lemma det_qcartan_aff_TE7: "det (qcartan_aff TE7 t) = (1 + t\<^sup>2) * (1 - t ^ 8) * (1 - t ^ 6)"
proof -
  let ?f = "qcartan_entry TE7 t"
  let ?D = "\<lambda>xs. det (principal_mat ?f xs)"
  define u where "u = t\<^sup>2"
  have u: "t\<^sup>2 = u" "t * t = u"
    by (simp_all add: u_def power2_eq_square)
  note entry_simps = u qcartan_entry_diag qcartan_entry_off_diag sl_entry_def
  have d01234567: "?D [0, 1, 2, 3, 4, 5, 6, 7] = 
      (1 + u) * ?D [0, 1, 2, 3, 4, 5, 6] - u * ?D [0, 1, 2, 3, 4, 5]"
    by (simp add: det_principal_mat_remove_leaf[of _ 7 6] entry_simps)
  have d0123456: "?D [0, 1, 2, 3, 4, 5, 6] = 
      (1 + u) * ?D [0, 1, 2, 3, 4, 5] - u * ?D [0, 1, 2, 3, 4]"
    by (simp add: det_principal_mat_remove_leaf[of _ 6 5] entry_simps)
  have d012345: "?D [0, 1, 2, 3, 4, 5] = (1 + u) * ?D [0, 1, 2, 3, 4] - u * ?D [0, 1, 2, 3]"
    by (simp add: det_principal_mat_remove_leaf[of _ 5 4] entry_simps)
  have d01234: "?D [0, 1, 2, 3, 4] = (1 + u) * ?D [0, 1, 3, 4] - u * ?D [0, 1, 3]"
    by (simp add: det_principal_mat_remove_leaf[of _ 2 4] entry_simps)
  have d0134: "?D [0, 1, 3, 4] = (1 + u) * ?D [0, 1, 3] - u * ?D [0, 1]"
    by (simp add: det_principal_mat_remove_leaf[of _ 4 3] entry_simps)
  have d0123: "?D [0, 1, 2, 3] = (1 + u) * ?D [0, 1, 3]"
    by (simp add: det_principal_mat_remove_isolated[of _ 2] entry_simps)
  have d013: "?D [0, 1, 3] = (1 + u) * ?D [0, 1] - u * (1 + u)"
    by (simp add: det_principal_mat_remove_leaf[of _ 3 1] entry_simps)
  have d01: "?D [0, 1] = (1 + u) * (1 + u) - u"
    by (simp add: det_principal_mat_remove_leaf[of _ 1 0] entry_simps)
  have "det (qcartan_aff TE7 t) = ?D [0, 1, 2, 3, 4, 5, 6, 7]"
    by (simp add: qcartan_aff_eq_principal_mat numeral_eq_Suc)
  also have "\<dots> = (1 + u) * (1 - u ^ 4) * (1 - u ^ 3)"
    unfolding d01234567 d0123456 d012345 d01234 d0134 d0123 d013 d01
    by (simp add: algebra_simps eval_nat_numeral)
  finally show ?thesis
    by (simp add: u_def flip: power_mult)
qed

########################################

__Description of the task__
The final stretch of the listing, from the line containing "by (simp add: det_principal_mat_remove_isolated[of" through its last line, both included, is to be output exactly and by itself.

__Answer to this task__
    by (simp add: det_principal_mat_remove_isolated[of _ 2] entry_simps)
  have d013: "?D [0, 1, 3] = (1 + u) * ?D [0, 1] - u * (1 + u)"
    by (simp add: det_principal_mat_remove_leaf[of _ 3 1] entry_simps)
  have d01: "?D [0, 1] = (1 + u) * (1 + u) - u"
    by (simp add: det_principal_mat_remove_leaf[of _ 1 0] entry_simps)
  have "det (qcartan_aff TE7 t) = ?D [0, 1, 2, 3, 4, 5, 6, 7]"
    by (simp add: qcartan_aff_eq_principal_mat numeral_eq_Suc)
  also have "\<dots> = (1 + u) * (1 - u ^ 4) * (1 - u ^ 3)"
    unfolding d01234567 d0123456 d012345 d01234 d0134 d0123 d013 d01
    by (simp add: algebra_simps eval_nat_numeral)
  finally show ?thesis
    by (simp add: u_def flip: power_mult)
qed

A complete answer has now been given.